According to the China Tourism Research Institute, China provided 120 million outbound tourists in 2015, spending over US$100 billion dollars in the process. Compared to 2014 this was a rise of 12% and 16.7%, respectively.
Although at present Australia is attracting less than one percent of the total number. This small percentage still equates to over 1 million Chinese tourists each year.
I would expect this percentage to increase gradually over the next few years. I believe Chinese tourists will start to look beyond the current favourites such as South Korea, Japan, and Thailand, and try some of the less visited destinations.
There are a number of companies that stand to benefit from this tourism boom. Sydney Airport Holdings Ltd (ASX: SYD) and Qantas Airways Limited (ASX: QAN) will play a key role in getting tourists into Australia, but it is where they go from there that I am focussing on today.
I believe Crown Resorts Ltd (ASX: CWN) and Star Entertainment Group Ltd (ASX: SGR) could be about to see strong earnings growth for a number of years on the back of this tourism boom.
The advantage that these two companies have over a company such as Mantra Group Ltd (ASX: MTR) is that they provide luxury hospitality, leisure facilities, and entertainment in the form of gambling. Chinese tourists are well-known for their love of shopping and casinos, which is why I think they make a great fit.
I expect the share price of both companies will increase in value considerably in the next few years. But investors might want to choose to invest in just one of them in order to diversify their portfolio. Given the choice I would pick Crown Resorts over Star Entertainment because I feel it is better value right now and will be better positioned to capitalise on growing Chinese tourism in the future.

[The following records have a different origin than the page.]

(* For every integer $n\ge 0$, $c_1(n)$ is odd if and only if $n=j(j+1)/2$ for some integer $j\ge 0$.
   Context: A partition of $n\ge 0$ is a finite multiset of positive integers (its parts) summing to $n$; the empty partition is the unique partition of $0$. For $n\ge 0$, $c_1(n)$ denotes the number of partitions $\lambda$ of $n$ such that either (a) all parts of $\lambda$ are distinct, or (b) there is an integer $j\ge 1$ such that each of the integers $1,2,\dots,2j-1$ appears in $\lambda$ at least twice, and every integer greater than $2j$ appears in $\lambda$ at most once (the integer $2j$ may appear any number of times, including zero). *)

theory Defs
  imports Main "HOL-Library.Multiset"
begin

definition is_partition :: "nat \<Rightarrow> nat multiset \<Rightarrow> bool" where
  "is_partition n p \<longleftrightarrow> (\<forall>x \<in># p. x > 0) \<and> sum_mset p = n"

definition partitions :: "nat \<Rightarrow> nat multiset set" where
  "partitions n = {p. is_partition n p}"

definition distinct_parts :: "nat multiset \<Rightarrow> bool" where
  "distinct_parts p \<longleftrightarrow> (\<forall>x. count p x \<le> 1)"

definition cond_b :: "nat multiset \<Rightarrow> bool" where
  "cond_b p \<longleftrightarrow> (\<exists>j::nat. j \<ge> 1 \<and>
      (\<forall>i. 1 \<le> i \<and> i \<le> 2*j - 1 \<longrightarrow> count p i \<ge> 2) \<and>
      (\<forall>i. i > 2*j \<longrightarrow> count p i \<le> 1))"

definition c1 :: "nat \<Rightarrow> nat" where
  "c1 n = card {p \<in> partitions n. distinct_parts p \<or> cond_b p}"

end

theory Submission
  imports Defs "HOL-Library.Z2" "HOL-Computational_Algebra.Formal_Power_Series"
begin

At present Crown Resorts is busy with designs for its project in Las Vegas, has plans for a fourth hotel in Melbourne, and plans to open Crown Sydney in Barangaroo South. This complements current operations at home and in Macau, which is incidentally one of the top destinations for Chinese tourists.
In terms of valuation Crown is looking like a better option also. It is priced at 19 times estimated forward earnings, compared to 21 times estimated forward earnings for Star Entertainment.
This is due in part to the fact that Crown Resorts shareholders have had a disappointing year thus far. They have seen the value of their shares decline by 2%, whereas Star Entertainment's shareholders have seen a gain of over 7%.
I feel it is now time for Crown Resorts shares to play catch-up and fully expect to see strong gains for its shareholders in the year ahead and beyond.